Тут Яхонтов останавливается, опускает корзину на землю и показывает, как, прижав к животу шапку и сделав ноги колесом, он подковылял к столу, военкома.
— Яхонтов я. Яхонтов!
Ухватывая смысл разыгранной интермедии, публика на мостовой останавливается, смеется. Таким образом чтец берет реванш за свою непопулярность у военкома и обслуги персонала «Киргизстан».
Прервав разговор на полуслове, он пару раз просил:
— Обернитесь, посмотрите незаметно: кто идет сзади? Мне кто-то смотрит в затылок.
Я оборачивалась. За нами шли ничем не примечательные люди. И еще как-то:
— Посмотрите, кто-то следит за мной!
Однажды Владимир Николаевич попросил зайти к нему в гостиницу за рукописью. Я остановилась в дверях номера.
— Да пройдите же сюда!
Я нерешительно шагнула. Он схватил меня за руки и с силой рванул к себе.
— Неужели ты не чувствуешь, как мне нужна, необходима?!
Я испугалась, убежала. Опять оказалась «зеленой», но в куда более критический момент для этого человека. Не романного и не пошлого происхождения был тот порыв. Откровенней и сильней здесь бушевали загнанность, хаос и жутковатое душевное ненастье. Художником, глубоко чувствующим Настасью Филипповну и Юродивого, была прочувствована хворь его времени во всей ее неизлечимости. Оттуда он протягивал руки.
Как скоро опыт схожего больного одиночества ожидал и меня.
Стало уже понятно, что моя семья не успела выехать из-за блокады Ленинграда. Во что бы то ни стало, им нужны были продукты и деньги. Даже во Фрунзе буханка хлеба стоила на черном рынке 100–150 рублей. Простаивая часами на барахолке, я продала не только последнее платье, но и купальный костюм. Воспаленно воображала, как привожу в Ленинград мешок сухарей, консервы, как мы выбираемся во Фрунзе, где я всех ставлю на ноги. Неотступно преследовал один и тот же сон: в попытке отыскать своих я лазаю по подвалам и все переворачиваю и переворачиваю полуживых людей с бирками на шее. Их несметное множество, а меня пустили на пару часов. И я не нахожу, не узнаю ни мамы, ни девочек. Днем, куда бы я ни шла, я вглядывалась в лица прохожих с неотвязной надеждой увидеть родных. В мужских, женских, молодых и старых лицах мерещилось лицо одной Валечки.

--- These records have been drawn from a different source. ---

lemma qcommute_iff_imag:
  "qcommute x y \<longleftrightarrow> x$3*y$4 = x$4*y$3 \<and> x$4*y$2 = x$2*y$4 \<and> x$2*y$3 = x$3*y$2"
  by (simp add: qcommute_def quat_eq_iff algebra_simps)

lemma qcommute_scaleR_left: "r \<noteq> 0 \<Longrightarrow> qcommute (r *\<^sub>R x) y \<longleftrightarrow> qcommute x y"
  by (simp add: qcommute_iff_imag mult.assoc)

lemma qcommute_scaleR_right: "r \<noteq> 0 \<Longrightarrow> qcommute x (r *\<^sub>R y) \<longleftrightarrow> qcommute x y"
  by (metis qcommute_scaleR_left qcommute_sym)

lemma qcommute_qone_add: "qcommute (qone + x) (qone + y) \<longleftrightarrow> qcommute x y"
  by (simp add: qcommute_iff_imag)

lemma qcommute_qinv_left: "qcommute (qinv x) y \<longleftrightarrow> qcommute x y"
proof (cases "x = 0")
  case False
  then have "qcommute (qinv x) y \<longleftrightarrow> qcommute (qcnj x) y"
    unfolding qinv_def by (intro qcommute_scaleR_left) simp
  then show ?thesis by (simp add: qcommute_iff_imag)
qed (simp add: qinv_def qcommute_def)

lemma qcommute_qinv: "qcommute (qinv x) (qinv y) \<longleftrightarrow> qcommute x y"
  by (metis qcommute_qinv_left qcommute_sym)

lemma qcommute_conj:
  assumes "g \<noteq> 0"
  shows "qcommute (qmul (qmul g x) (qinv g)) (qmul (qmul g y) (qinv g)) \<longleftrightarrow> qcommute x y"
proof -
  have "qmul (qmul (qmul g u) (qinv g)) (qmul (qmul g v) (qinv g)) = qmul (qmul g (qmul u v)) (qinv g)" for u v
    using assms by (simp add: qmul_assoc qinv_qmul_cancel_left)
  then show ?thesis
    using assms by (simp add: qcommute_def qmul_cancel_left qmul_cancel_right)
qed

lemma qcommute_qmul_right: "a \<noteq> 0 \<Longrightarrow> qcommute a (qmul b a) \<longleftrightarrow> qcommute a b"
  unfolding qcommute_def by (metis qmul_assoc qmul_cancel_right)

lemma in_span_qone_iff: "x \<in> span {qone} \<longleftrightarrow> x$2 = 0 \<and> x$3 = 0 \<and> x$4 = 0"
  by (auto simp: span_singleton quat_eq_iff intro: range_eqI[of _ _ "x$1"])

В смешении кошмаров и жажды быть вместе с родными вызрело твердое решение ехать в Ленинград самой. Я сказала об этом Эрику. Забеспокоился он только тогда, когда я пошла в военкомат. Но там этим вопросом не занимались, переадресовали в политуправление. Через две недели я получила оттуда отказ.
На курсах медсестер при Верховном Совете учились и секретари ЦК Кутарева и Парыгина. Эрик часто рассказывал, как хорошо к нему относятся обе женщины. На мою мольбу попросить их разузнать о судьбе мамы он ответил:
— С такой просьбой мне к ним обращаться неудобно.
Сама понимала: просьба велика, но…
В день по нескольку раз я бегала на почтамт.
И наконец-то, вдруг, мне выдали письмо со штампом «Ленинград». Схватив его, я выскочила на улицу. Кое-как разорвала конверт. Малограмотным почерком там было написано: «Тамара. Надо тебе знать правду. Твоя мама умерла от голода. Я сама еле двигаюсь. Хоронить ее было некому. Смогли только вынести ее на лестничную площадку. Валя и Рена в больнице. Евдокия Васильевна»…
Я… кричала. Долго. Дико. И — страшно. Остановить меня было нельзя. Боль была чудовищной, непереносимой. Мама умерла от голода… Ее выбросили на лестницу… Никакая правда не имела права быть такой бесчеловечной. Моя мертвая мама выброшена на лестницу. На ту самую, где я так недавно с замершим сердцем слушала смех своих сестер… Боль рвала, убивала, изничтожала…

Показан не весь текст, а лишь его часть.